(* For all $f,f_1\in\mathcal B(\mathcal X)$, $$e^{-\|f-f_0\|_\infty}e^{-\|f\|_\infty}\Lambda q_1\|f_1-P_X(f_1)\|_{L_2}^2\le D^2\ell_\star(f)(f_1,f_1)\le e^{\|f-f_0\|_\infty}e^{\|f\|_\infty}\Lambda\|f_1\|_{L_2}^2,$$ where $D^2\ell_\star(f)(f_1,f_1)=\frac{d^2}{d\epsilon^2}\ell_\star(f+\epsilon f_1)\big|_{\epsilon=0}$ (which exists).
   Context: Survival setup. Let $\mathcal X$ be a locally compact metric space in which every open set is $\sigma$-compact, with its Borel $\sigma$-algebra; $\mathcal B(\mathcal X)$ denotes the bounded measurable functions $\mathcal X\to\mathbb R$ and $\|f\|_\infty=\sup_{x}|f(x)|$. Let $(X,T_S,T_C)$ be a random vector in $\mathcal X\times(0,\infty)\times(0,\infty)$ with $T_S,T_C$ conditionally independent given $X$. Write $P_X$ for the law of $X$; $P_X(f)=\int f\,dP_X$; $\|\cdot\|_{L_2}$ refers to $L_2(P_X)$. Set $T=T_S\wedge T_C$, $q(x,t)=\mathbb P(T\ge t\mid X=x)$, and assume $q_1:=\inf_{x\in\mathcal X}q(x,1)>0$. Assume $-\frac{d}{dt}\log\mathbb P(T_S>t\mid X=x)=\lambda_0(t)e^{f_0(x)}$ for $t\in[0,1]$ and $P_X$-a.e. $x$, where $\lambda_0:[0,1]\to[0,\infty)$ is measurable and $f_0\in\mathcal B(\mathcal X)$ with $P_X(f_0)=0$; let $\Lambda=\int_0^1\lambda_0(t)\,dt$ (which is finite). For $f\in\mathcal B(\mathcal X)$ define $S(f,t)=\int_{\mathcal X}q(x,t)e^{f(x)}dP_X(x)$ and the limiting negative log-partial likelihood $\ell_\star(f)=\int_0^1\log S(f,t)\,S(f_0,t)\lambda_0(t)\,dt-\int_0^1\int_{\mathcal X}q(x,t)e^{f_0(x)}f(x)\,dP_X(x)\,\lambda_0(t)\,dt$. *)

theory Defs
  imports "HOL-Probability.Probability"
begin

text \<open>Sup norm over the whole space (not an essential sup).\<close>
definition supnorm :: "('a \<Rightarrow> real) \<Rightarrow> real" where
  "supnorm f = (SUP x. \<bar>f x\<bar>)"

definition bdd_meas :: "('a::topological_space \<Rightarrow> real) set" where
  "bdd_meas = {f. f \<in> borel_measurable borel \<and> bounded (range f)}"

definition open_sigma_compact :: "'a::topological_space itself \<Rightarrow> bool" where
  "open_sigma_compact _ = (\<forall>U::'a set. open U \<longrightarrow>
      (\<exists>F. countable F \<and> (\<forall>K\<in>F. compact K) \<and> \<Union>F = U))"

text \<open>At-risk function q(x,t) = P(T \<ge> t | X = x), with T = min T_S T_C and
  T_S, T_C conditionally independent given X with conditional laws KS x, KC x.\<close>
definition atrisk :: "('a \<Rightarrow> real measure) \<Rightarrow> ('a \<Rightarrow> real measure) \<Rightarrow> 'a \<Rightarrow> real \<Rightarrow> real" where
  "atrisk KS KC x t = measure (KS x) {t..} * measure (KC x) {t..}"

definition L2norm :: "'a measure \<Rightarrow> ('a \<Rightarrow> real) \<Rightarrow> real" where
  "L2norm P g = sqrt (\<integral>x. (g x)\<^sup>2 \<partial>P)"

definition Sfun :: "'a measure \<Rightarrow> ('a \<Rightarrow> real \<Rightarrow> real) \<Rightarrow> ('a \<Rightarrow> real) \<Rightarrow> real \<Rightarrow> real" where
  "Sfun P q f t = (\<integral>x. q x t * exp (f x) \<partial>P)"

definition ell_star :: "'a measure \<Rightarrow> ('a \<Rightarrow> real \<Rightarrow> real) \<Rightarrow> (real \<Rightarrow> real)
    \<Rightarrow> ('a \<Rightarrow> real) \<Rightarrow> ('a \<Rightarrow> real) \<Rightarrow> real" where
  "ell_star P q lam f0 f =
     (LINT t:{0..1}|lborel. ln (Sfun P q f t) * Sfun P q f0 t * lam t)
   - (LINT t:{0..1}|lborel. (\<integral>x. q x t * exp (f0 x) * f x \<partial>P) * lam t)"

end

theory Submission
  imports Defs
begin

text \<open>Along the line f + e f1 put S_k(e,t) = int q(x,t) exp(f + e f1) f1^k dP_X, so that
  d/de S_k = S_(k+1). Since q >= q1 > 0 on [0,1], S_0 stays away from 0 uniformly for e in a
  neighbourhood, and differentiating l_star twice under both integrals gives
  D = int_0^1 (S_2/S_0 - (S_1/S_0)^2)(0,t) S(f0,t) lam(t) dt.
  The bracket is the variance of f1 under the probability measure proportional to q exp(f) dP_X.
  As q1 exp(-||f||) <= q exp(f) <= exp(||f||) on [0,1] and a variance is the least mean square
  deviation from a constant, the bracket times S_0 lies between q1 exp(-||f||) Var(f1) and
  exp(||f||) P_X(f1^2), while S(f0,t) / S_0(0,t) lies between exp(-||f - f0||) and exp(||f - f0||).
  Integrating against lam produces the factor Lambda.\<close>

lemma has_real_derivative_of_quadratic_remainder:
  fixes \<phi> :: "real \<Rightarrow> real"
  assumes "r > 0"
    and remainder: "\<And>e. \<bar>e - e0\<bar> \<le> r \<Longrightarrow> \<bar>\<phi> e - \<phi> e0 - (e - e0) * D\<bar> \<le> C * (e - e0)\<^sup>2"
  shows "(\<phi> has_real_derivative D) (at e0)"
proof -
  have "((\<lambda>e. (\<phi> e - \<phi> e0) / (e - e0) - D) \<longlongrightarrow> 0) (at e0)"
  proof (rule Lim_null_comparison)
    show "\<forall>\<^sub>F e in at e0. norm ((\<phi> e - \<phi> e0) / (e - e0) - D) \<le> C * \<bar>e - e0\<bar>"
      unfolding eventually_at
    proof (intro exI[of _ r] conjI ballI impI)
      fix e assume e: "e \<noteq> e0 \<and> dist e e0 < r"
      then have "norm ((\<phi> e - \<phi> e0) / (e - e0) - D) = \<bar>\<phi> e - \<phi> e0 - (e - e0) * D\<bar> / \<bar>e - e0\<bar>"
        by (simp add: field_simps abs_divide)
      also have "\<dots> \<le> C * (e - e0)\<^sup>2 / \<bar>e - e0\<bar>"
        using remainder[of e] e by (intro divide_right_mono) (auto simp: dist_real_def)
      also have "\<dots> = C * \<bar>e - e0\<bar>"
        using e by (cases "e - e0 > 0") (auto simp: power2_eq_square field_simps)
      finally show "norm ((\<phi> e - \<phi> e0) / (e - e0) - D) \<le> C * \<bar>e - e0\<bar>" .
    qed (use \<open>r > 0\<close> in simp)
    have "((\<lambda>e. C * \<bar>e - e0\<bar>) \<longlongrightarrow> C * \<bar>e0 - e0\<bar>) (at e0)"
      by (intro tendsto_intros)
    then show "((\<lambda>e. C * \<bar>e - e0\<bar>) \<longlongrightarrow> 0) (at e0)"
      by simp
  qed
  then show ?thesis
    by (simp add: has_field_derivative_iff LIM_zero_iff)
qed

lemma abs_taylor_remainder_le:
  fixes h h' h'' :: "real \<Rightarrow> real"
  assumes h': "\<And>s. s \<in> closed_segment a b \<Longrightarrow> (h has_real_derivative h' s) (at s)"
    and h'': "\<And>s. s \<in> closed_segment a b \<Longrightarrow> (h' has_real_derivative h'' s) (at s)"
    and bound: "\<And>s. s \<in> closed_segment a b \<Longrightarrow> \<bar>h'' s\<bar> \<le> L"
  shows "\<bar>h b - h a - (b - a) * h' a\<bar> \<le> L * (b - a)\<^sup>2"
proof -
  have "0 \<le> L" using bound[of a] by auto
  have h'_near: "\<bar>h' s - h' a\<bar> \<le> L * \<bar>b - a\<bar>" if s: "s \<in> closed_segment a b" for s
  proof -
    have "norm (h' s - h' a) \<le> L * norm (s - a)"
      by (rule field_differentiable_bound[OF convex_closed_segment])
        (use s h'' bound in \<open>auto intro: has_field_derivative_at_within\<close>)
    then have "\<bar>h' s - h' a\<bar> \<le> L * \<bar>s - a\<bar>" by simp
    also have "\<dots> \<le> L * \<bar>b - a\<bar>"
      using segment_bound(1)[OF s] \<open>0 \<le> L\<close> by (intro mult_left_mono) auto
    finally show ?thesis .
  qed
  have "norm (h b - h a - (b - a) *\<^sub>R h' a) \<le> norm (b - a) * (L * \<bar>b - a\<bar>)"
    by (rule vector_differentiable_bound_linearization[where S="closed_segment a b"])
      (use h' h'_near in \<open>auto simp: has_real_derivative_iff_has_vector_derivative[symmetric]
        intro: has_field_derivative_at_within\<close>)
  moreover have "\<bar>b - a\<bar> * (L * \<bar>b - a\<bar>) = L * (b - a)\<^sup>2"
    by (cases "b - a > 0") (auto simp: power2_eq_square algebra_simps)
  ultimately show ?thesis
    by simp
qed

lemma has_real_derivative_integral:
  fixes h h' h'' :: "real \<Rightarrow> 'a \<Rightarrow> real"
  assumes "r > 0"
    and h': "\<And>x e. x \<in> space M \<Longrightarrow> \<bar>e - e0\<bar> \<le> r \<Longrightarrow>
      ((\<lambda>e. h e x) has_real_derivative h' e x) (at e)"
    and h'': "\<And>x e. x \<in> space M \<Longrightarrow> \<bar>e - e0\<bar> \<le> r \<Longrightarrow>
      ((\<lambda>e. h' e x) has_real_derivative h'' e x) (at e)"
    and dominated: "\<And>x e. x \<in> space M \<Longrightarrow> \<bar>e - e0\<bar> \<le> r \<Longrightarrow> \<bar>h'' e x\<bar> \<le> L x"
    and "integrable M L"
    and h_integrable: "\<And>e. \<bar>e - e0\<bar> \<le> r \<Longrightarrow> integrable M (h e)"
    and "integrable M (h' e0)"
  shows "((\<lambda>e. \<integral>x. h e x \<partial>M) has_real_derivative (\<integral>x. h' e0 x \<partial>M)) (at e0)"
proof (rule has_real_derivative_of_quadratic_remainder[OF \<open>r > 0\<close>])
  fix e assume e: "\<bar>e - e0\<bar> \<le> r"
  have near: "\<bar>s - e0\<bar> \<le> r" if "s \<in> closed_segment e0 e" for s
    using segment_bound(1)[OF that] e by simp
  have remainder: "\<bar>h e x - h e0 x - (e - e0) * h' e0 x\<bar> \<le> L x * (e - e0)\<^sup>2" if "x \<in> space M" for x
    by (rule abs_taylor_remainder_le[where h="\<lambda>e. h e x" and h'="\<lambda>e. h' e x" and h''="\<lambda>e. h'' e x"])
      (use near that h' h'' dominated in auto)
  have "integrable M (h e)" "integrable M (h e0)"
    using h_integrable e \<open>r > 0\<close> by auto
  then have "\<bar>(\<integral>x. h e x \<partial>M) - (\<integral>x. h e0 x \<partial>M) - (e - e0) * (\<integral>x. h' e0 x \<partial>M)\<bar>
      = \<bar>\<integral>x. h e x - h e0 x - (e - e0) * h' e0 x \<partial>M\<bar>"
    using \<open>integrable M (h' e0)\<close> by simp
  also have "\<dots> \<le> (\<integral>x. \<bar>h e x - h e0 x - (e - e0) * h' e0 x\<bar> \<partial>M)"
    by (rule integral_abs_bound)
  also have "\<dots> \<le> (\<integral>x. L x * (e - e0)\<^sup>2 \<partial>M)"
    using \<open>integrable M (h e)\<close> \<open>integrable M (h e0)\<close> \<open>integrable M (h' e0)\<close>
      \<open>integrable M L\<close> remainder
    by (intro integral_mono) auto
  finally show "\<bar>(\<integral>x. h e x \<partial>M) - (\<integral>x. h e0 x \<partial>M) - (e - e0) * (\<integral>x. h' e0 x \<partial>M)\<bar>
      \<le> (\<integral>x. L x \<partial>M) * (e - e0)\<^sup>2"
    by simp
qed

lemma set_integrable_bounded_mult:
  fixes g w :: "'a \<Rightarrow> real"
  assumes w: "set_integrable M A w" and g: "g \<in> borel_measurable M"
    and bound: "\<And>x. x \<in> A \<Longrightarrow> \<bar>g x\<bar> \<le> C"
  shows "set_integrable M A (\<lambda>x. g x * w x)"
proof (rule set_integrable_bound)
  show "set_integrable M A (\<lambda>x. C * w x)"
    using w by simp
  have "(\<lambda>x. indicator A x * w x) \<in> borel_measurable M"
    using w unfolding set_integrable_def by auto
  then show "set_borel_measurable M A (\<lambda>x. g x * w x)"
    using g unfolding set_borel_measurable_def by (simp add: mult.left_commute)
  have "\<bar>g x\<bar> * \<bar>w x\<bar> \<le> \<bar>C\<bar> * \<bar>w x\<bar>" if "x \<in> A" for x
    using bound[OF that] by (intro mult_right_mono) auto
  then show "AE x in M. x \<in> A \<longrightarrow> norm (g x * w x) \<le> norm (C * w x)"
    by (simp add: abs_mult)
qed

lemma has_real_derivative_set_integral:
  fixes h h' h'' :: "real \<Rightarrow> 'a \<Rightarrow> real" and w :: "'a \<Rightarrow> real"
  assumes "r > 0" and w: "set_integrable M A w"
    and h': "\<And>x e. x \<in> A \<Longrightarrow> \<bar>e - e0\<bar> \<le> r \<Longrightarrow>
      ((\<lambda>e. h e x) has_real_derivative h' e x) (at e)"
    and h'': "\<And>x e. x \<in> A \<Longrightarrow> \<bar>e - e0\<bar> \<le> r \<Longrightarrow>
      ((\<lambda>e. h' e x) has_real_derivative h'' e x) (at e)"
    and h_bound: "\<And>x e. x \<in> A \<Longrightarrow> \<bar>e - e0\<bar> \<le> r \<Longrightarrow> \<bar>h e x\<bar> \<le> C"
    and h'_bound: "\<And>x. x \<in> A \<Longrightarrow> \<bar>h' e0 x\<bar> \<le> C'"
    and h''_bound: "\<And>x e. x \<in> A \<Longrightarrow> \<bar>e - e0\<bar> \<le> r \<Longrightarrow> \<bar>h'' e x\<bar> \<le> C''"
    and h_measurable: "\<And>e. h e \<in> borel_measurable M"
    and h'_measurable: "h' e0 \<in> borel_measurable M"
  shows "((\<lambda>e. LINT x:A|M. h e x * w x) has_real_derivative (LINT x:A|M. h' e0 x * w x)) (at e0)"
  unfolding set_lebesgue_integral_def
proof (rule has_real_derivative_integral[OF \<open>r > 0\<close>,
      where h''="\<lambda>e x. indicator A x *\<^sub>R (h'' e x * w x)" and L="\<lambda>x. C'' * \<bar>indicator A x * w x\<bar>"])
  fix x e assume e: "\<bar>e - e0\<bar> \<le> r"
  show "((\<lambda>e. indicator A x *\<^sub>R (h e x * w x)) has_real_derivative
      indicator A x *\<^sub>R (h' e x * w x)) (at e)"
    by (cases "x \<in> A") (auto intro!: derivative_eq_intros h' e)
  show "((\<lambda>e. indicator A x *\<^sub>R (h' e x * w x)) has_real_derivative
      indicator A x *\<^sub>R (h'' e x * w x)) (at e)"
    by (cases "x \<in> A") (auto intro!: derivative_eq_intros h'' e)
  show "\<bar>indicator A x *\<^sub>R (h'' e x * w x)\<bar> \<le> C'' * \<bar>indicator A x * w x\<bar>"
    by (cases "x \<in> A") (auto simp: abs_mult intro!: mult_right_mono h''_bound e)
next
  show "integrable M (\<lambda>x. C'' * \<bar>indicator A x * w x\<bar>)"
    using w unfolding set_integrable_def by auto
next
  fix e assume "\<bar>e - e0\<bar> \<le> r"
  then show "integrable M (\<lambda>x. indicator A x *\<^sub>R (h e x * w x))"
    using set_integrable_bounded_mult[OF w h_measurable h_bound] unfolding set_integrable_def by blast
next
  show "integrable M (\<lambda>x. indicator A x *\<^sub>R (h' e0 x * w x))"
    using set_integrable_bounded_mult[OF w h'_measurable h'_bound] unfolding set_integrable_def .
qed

• • •

• _Task_
From the line that contains "using set_integrable_bounded_mult[OF w h'_measurable" down to the last line above, print each line exactly as it appears.

• _Written solution_
    using set_integrable_bounded_mult[OF w h'_measurable h'_bound] unfolding set_integrable_def .
qed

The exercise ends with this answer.